To ensure compliance, employers should: (1) provide training to all management employees about the new prohibitions; (2) update policies and procedures to comply with the new prohibitions; and (3) implement procedures to ensure compliance with the notice requirements.
Retaliation and Whistleblower Claims:
Senate Bill 306 expands the scope of retaliation and whistleblower claims by authorizing the Labor Commissioner to initiate an investigation on its own when it suspects retaliation has occurred in any of the following circumstances: (1) during the course of adjudicating a wage claim; (2) during a field inspection concerning labor standards; or (3) in instances of suspected immigration-related threats. Existing law authorizes an investigation by the Labor Commissioner only after receiving a complaint.
SB 306 also lowers the burden of proof for injunctive relief. The existing standard of proof for injunctive relief requires a showing of irreparable harm if the relief is not granted, likelihood of success on the merits of the claim, and that the foregoing interests outweigh the harm the defendant will suffer from granting injunctive relief. Under this new bill however, the Labor Commissioner will be authorized to petition a superior court for injunctive relief prior to completing its investigation or concluding that retaliation has in fact occurred, so long as there is reasonable cause to believe that an employee has been discharged or subjected to adverse action for raising a claim of retaliation or asserting rights under any law under the jurisdiction of the Labor Commissioner. This change means that employers could be forced to reinstate an employee pending the result of the investigation.
This new bill authorizes the issuance of citations directing employers to cease and remedy alleged violations, including paying lost wages and penalties to the affected employee. Persons to whom citations are issued will be afforded an opportunity to request a hearing with a hearing officer for the Labor Commissioner, after which the hearing officer will issue a written decision. If the employer to whom a citation is issued disagrees with that decision, it may obtain review of the decision, using an abuse of discretion standard, via petition for a writ of mandate to the appropriate superior court after posting a bond with the Labor Commissioner equal to the amount of wages allegedly owed to the affected employee.
An employer who willfully refuses to comply with the commissioner’s orders will be subject to civil penalties of $100.00 per day of non-compliance, to be paid to the affected employee.
General Construction Contractors May Be Liable for Wage Claims against Subcontractors:
Assembly Bill 1701 will apply to all contracts entered into on or after January 1, 2018, by a general contractor for the erection, construction, alteration, or repair of a building or structure. Under this bill, the general contractor will be liable for any debt owed to a wage claimant incurred by a subcontractor acting for the general contractor. The general contractor’s liability will be for wages owed to the claimant for his or her performance of labor included in the subject of the contract between the general contractor and the owner. The general contractor’s liability will not extend to penalties or liquidated damages.

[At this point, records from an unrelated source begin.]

(* Let $\mathcal{X}$ be a finite set, $\pi$ a probability mass function on $\mathcal{X}$ with full support, and $P$ an ergodic $\pi$-reversible transition matrix. Let a group $\mathcal{G}$ act on $\mathcal{X}$ and let $G$ and $M$ be the Gibbs and Metropolis–Hastings orbit kernels for this same action. Let $\theta:=\|M-G\|_{\ell^2_0(\pi)\to\ell^2_0(\pi)}$. Then $0\le\rho(MPM)-\rho(GPG)\le\rho(P)(2\theta+\theta^2)$.
   Context: $\langle f,g\rangle_\pi=\sum_x f(x)g(x)\pi(x)$, $\ell^2_0(\pi)=\{f:\sum_xf(x)\pi(x)=0\}$, with operator norm taken with respect to $\|\cdot\|_\pi$. With $\mathcal{O}(x)$ the orbit of $x$: $G(x,y)=\pi(y)/\pi(\mathcal{O}(x))$ for $y\in\mathcal{O}(x)$, else $0$; $M(x,y)=\frac{1}{|\mathcal{O}(x)|-1}\min\{1,\pi(y)/\pi(x)\}$ for $y\in\mathcal{O}(x)\setminus\{x\}$, $0$ off the orbit, $M(x,x)=1-\sum_{y\ne x}M(x,y)$. For a $\pi$-self-adjoint kernel $K$, $\rho(K)=\sup_{0\ne f\in\ell^2_0(\pi)}|\langle f,Kf\rangle_\pi|/\langle f,f\rangle_\pi$ (the second-largest eigenvalue in modulus). Equivalently, $\theta$ is the largest absolute value of an eigenvalue of $M$ restricted to the orthogonal complement in $\ell^2(\pi)$ of the functions constant on orbits. *)

theory Defs
  imports "HOL-Analysis.Analysis" "HOL-Algebra.Group_Action"
begin

definition kmul :: "('x::finite \<Rightarrow> 'x \<Rightarrow> real) \<Rightarrow> ('x \<Rightarrow> 'x \<Rightarrow> real) \<Rightarrow> 'x \<Rightarrow> 'x \<Rightarrow> real"
  where "kmul K L x z = (\<Sum>y\<in>UNIV. K x y * L y z)"

definition kapply :: "('x::finite \<Rightarrow> 'x \<Rightarrow> real) \<Rightarrow> ('x \<Rightarrow> real) \<Rightarrow> 'x \<Rightarrow> real"
  where "kapply K f x = (\<Sum>y\<in>UNIV. K x y * f y)"

fun kpow :: "('x::finite \<Rightarrow> 'x \<Rightarrow> real) \<Rightarrow> nat \<Rightarrow> 'x \<Rightarrow> 'x \<Rightarrow> real" where
  "kpow K 0 = (\<lambda>x y. if x = y then 1 else 0)"
| "kpow K (Suc n) = kmul (kpow K n) K"

definition pmf_full :: "('x::finite \<Rightarrow> real) \<Rightarrow> bool"
  where "pmf_full \<pi> \<longleftrightarrow> (\<forall>x. \<pi> x > 0) \<and> (\<Sum>x\<in>UNIV. \<pi> x) = 1"

definition stochastic :: "('x::finite \<Rightarrow> 'x \<Rightarrow> real) \<Rightarrow> bool"
  where "stochastic P \<longleftrightarrow> (\<forall>x y. P x y \<ge> 0) \<and> (\<forall>x. (\<Sum>y\<in>UNIV. P x y) = 1)"

definition reversible :: "('x::finite \<Rightarrow> real) \<Rightarrow> ('x \<Rightarrow> 'x \<Rightarrow> real) \<Rightarrow> bool"
  where "reversible \<pi> P \<longleftrightarrow> (\<forall>x y. \<pi> x * P x y = \<pi> y * P y x)"

definition irreducible :: "('x::finite \<Rightarrow> 'x \<Rightarrow> real) \<Rightarrow> bool"
  where "irreducible P \<longleftrightarrow> (\<forall>x y. \<exists>n. kpow P n x y > 0)"

definition period :: "('x::finite \<Rightarrow> 'x \<Rightarrow> real) \<Rightarrow> 'x \<Rightarrow> nat"
  where "period P x = Gcd {n. n > 0 \<and> kpow P n x x > 0}"

definition aperiodic :: "('x::finite \<Rightarrow> 'x \<Rightarrow> real) \<Rightarrow> bool"
  where "aperiodic P \<longleftrightarrow> (\<forall>x. period P x = 1)"

definition ergodic :: "('x::finite \<Rightarrow> 'x \<Rightarrow> real) \<Rightarrow> bool"
  where "ergodic P \<longleftrightarrow> irreducible P \<and> aperiodic P"

definition inner_pi :: "('x::finite \<Rightarrow> real) \<Rightarrow> ('x \<Rightarrow> real) \<Rightarrow> ('x \<Rightarrow> real) \<Rightarrow> real"
  where "inner_pi \<pi> f g = (\<Sum>x\<in>UNIV. f x * g x * \<pi> x)"

definition l2_0 :: "('x::finite \<Rightarrow> real) \<Rightarrow> ('x \<Rightarrow> real) set"
  where "l2_0 \<pi> = {f. (\<Sum>x\<in>UNIV. f x * \<pi> x) = 0}"

definition opnorm_l2_0 :: "('x::finite \<Rightarrow> real) \<Rightarrow> ('x \<Rightarrow> 'x \<Rightarrow> real) \<Rightarrow> real"
  where "opnorm_l2_0 \<pi> K = Sup (insert 0
     {sqrt (inner_pi \<pi> (kapply K f) (kapply K f)) / sqrt (inner_pi \<pi> f f) | f. f \<in> l2_0 \<pi> \<and> f \<noteq> (\<lambda>_. 0)})"

definition rho :: "('x::finite \<Rightarrow> real) \<Rightarrow> ('x \<Rightarrow> 'x \<Rightarrow> real) \<Rightarrow> real"
  where "rho \<pi> K = Sup (insert 0
     {\<bar>inner_pi \<pi> f (kapply K f)\<bar> / inner_pi \<pi> f f | f. f \<in> l2_0 \<pi> \<and> f \<noteq> (\<lambda>_. 0)})"

definition gibbs_kernel :: "('x::finite \<Rightarrow> real) \<Rightarrow> ('x \<Rightarrow> 'x set) \<Rightarrow> 'x \<Rightarrow> 'x \<Rightarrow> real"
  where "gibbs_kernel \<pi> Orb x y = (if y \<in> Orb x then \<pi> y / (\<Sum>z\<in>Orb x. \<pi> z) else 0)"

definition mh_kernel :: "('x::finite \<Rightarrow> real) \<Rightarrow> ('x \<Rightarrow> 'x set) \<Rightarrow> 'x \<Rightarrow> 'x \<Rightarrow> real"
  where "mh_kernel \<pi> Orb x y =
     (if y \<in> Orb x \<and> y \<noteq> x then (1 / (real (card (Orb x)) - 1)) * min 1 (\<pi> y / \<pi> x)
      else if y = x then 1 - (\<Sum>z\<in>Orb x - {x}. (1 / (real (card (Orb x)) - 1)) * min 1 (\<pi> z / \<pi> x))
      else 0)"

end

(*
  G is the pi-orthogonal projection onto the functions constant on orbits, and M, being
  supported on orbits with unit row sums, fixes its range: MG = G.  All kernels involved are
  pi-self-adjoint, so <f, GPG f> = <Gf, MPM Gf> with |Gf| <= |f|, which gives
  rho(GPG) <= rho(MPM).  Conversely, write Mf = Gf + (M - G)f with |(M - G)f| <= theta |f| and
  expand <Mf, P Mf>: the term <Gf, P Gf> = <f, GPG f> is bounded by rho(GPG) |f|^2, and the three
  cross terms by rho(P) (2 theta + theta^2) |f|^2, because polarization turns the quadratic bound
  defining rho(P) into |<u, P v>| <= rho(P) |u| |v| on l2_0(pi).
*)

theory Submission
  imports Defs
begin

definition norm_pi :: "('x::finite \<Rightarrow> real) \<Rightarrow> ('x \<Rightarrow> real) \<Rightarrow> real"
  where "norm_pi \<pi> f = sqrt (inner_pi \<pi> f f)"

lemma kapply_kmul: "kapply (kmul K L) f = kapply K (kapply L f)"
  unfolding kapply_def kmul_def
  by (auto simp: sum_distrib_left sum_distrib_right mult.assoc intro!: ext sum.swap[THEN trans])

lemma kapply_add: "kapply K (\<lambda>x. f x + g x) = (\<lambda>x. kapply K f x + kapply K g x)"
  unfolding kapply_def by (simp add: algebra_simps sum.distrib)

lemma kapply_diff: "kapply K (\<lambda>x. f x - g x) = (\<lambda>x. kapply K f x - kapply K g x)"
  unfolding kapply_def by (simp add: algebra_simps sum_subtractf)

lemma kapply_scale: "kapply K (\<lambda>x. c * f x) = (\<lambda>x. c * kapply K f x)"
  unfolding kapply_def by (simp add: algebra_simps sum_distrib_left)

lemma kapply_kernel_diff: "kapply (\<lambda>x y. K x y - L x y) f = (\<lambda>x. kapply K f x - kapply L f x)"
  unfolding kapply_def by (simp add: algebra_simps sum_subtractf)

lemma inner_pi_commute: "inner_pi \<pi> f g = inner_pi \<pi> g f"
  unfolding inner_pi_def by (simp add: mult.commute mult.left_commute)

lemma inner_pi_add_left: "inner_pi \<pi> (\<lambda>x. f x + g x) h = inner_pi \<pi> f h + inner_pi \<pi> g h"
  unfolding inner_pi_def by (simp add: algebra_simps sum.distrib)

lemma inner_pi_add_right: "inner_pi \<pi> h (\<lambda>x. f x + g x) = inner_pi \<pi> h f + inner_pi \<pi> h g"
  unfolding inner_pi_def by (simp add: algebra_simps sum.distrib)

lemma inner_pi_diff_left: "inner_pi \<pi> (\<lambda>x. f x - g x) h = inner_pi \<pi> f h - inner_pi \<pi> g h"
  unfolding inner_pi_def by (simp add: algebra_simps sum_subtractf)

lemma inner_pi_diff_right: "inner_pi \<pi> h (\<lambda>x. f x - g x) = inner_pi \<pi> h f - inner_pi \<pi> h g"
  unfolding inner_pi_def by (simp add: algebra_simps sum_subtractf)

lemma inner_pi_scale_left: "inner_pi \<pi> (\<lambda>x. c * f x) h = c * inner_pi \<pi> f h"
  unfolding inner_pi_def by (simp add: algebra_simps sum_distrib_left)

lemma inner_pi_scale_right: "inner_pi \<pi> h (\<lambda>x. c * f x) = c * inner_pi \<pi> h f"
  unfolding inner_pi_def by (simp add: algebra_simps sum_distrib_left)

lemma inner_pi_parallelogram:
  "inner_pi \<pi> (\<lambda>x. f x + g x) (\<lambda>x. f x + g x) + inner_pi \<pi> (\<lambda>x. f x - g x) (\<lambda>x. f x - g x)
     = 2 * (inner_pi \<pi> f f + inner_pi \<pi> g g)"
  by (simp add: inner_pi_add_left inner_pi_add_right inner_pi_diff_left inner_pi_diff_right)

lemma l2_0_add: "f \<in> l2_0 \<pi> \<Longrightarrow> g \<in> l2_0 \<pi> \<Longrightarrow> (\<lambda>x. f x + g x) \<in> l2_0 \<pi>"
  unfolding l2_0_def by (simp add: algebra_simps sum.distrib)

lemma l2_0_diff: "f \<in> l2_0 \<pi> \<Longrightarrow> g \<in> l2_0 \<pi> \<Longrightarrow> (\<lambda>x. f x - g x) \<in> l2_0 \<pi>"
  unfolding l2_0_def by (simp add: algebra_simps sum_subtractf)

lemma l2_0_scale: "f \<in> l2_0 \<pi> \<Longrightarrow> (\<lambda>x. c * f x) \<in> l2_0 \<pi>"
  unfolding l2_0_def by (simp add: mult.assoc sum_distrib_left[symmetric])

lemma reversible_inner_pi_kapply:
  assumes "reversible \<pi> K"
  shows "inner_pi \<pi> f (kapply K g) = inner_pi \<pi> (kapply K f) g"
proof -
  have "inner_pi \<pi> f (kapply K g) = (\<Sum>x\<in>UNIV. \<Sum>y\<in>UNIV. f x * g y * (\<pi> x * K x y))"
    unfolding inner_pi_def kapply_def
    by (simp add: sum_distrib_left sum_distrib_right algebra_simps)
  also have "\<dots> = (\<Sum>y\<in>UNIV. \<Sum>x\<in>UNIV. f x * g y * (\<pi> y * K y x))"
    using assms unfolding reversible_def by (subst sum.swap) simp
  also have "\<dots> = inner_pi \<pi> (kapply K f) g"
    unfolding inner_pi_def kapply_def
    by (simp add: sum_distrib_left sum_distrib_right algebra_simps)
  finally show ?thesis .
qed

lemma reversible_inner_pi_sandwich:
  assumes "reversible \<pi> K"
  shows "inner_pi \<pi> f (kapply (kmul (kmul K P) K) f) = inner_pi \<pi> (kapply K f) (kapply P (kapply K f))"
  by (simp add: kapply_kmul reversible_inner_pi_kapply[OF assms])

lemma reversible_inner_pi_polarization:
  assumes "reversible \<pi> K"
  shows "4 * inner_pi \<pi> f (kapply K g)
     = inner_pi \<pi> (\<lambda>x. f x + g x) (kapply K (\<lambda>x. f x + g x))
     - inner_pi \<pi> (\<lambda>x. f x - g x) (kapply K (\<lambda>x. f x - g x))"
  using reversible_inner_pi_kapply[OF assms, of g f] inner_pi_commute[of \<pi> "kapply K g" f]
  by (simp add: kapply_add kapply_diff inner_pi_add_left inner_pi_add_right
      inner_pi_diff_left inner_pi_diff_right)

lemma reversible_kapply_l2_0:
  assumes "reversible \<pi> K" and "\<And>x. (\<Sum>y\<in>UNIV. K x y) = c" and "f \<in> l2_0 \<pi>"
  shows "kapply K f \<in> l2_0 \<pi>"
proof -
  have row: "kapply K (\<lambda>_. 1) = (\<lambda>_. c)"
    using assms(2) by (intro ext) (simp add: kapply_def)
  have "(\<Sum>x\<in>UNIV. kapply K f x * \<pi> x) = inner_pi \<pi> (\<lambda>_. 1) (kapply K f)"
    unfolding inner_pi_def by (simp add: mult.commute)
  also have "\<dots> = inner_pi \<pi> (\<lambda>_. c) f"
    using reversible_inner_pi_kapply[OF assms(1)] row by metis
  also have "\<dots> = 0"
    using assms(3) by (simp add: inner_pi_def l2_0_def mult.assoc sum_distrib_left[symmetric])
  finally show ?thesis
    unfolding l2_0_def by simp
qed

lemma sum_UNIV_if_mem: "(\<Sum>y\<in>(UNIV::'x::finite set). if y \<in> B then g y else 0) = sum g B"
  using sum.inter_restrict[of "UNIV::'x set" g B] by simp

locale orbit_kernels =
  fixes \<pi> :: "'x::finite \<Rightarrow> real" and Orb :: "'x \<Rightarrow> 'x set"
  assumes pi_pos: "\<And>x. 0 < \<pi> x"
    and orbit_self: "\<And>x. x \<in> Orb x"
    and orbit_eq: "\<And>x y. y \<in> Orb x \<Longrightarrow> Orb y = Orb x"
begin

This law authorizes general contractors to establish contractual remedies for liabilities incurred on behalf of subcontractors. It will also require subcontractors to provide payroll records to general contractors upon request.
The Labor Commissioner will be authorized to bring an action against a general contractor to enforce this liability.
Looking ahead: General contractors should take steps to learn the wage and benefit practices of their subcontractors, and ensure all agreements with subcontractors include appropriate indemnification provisions.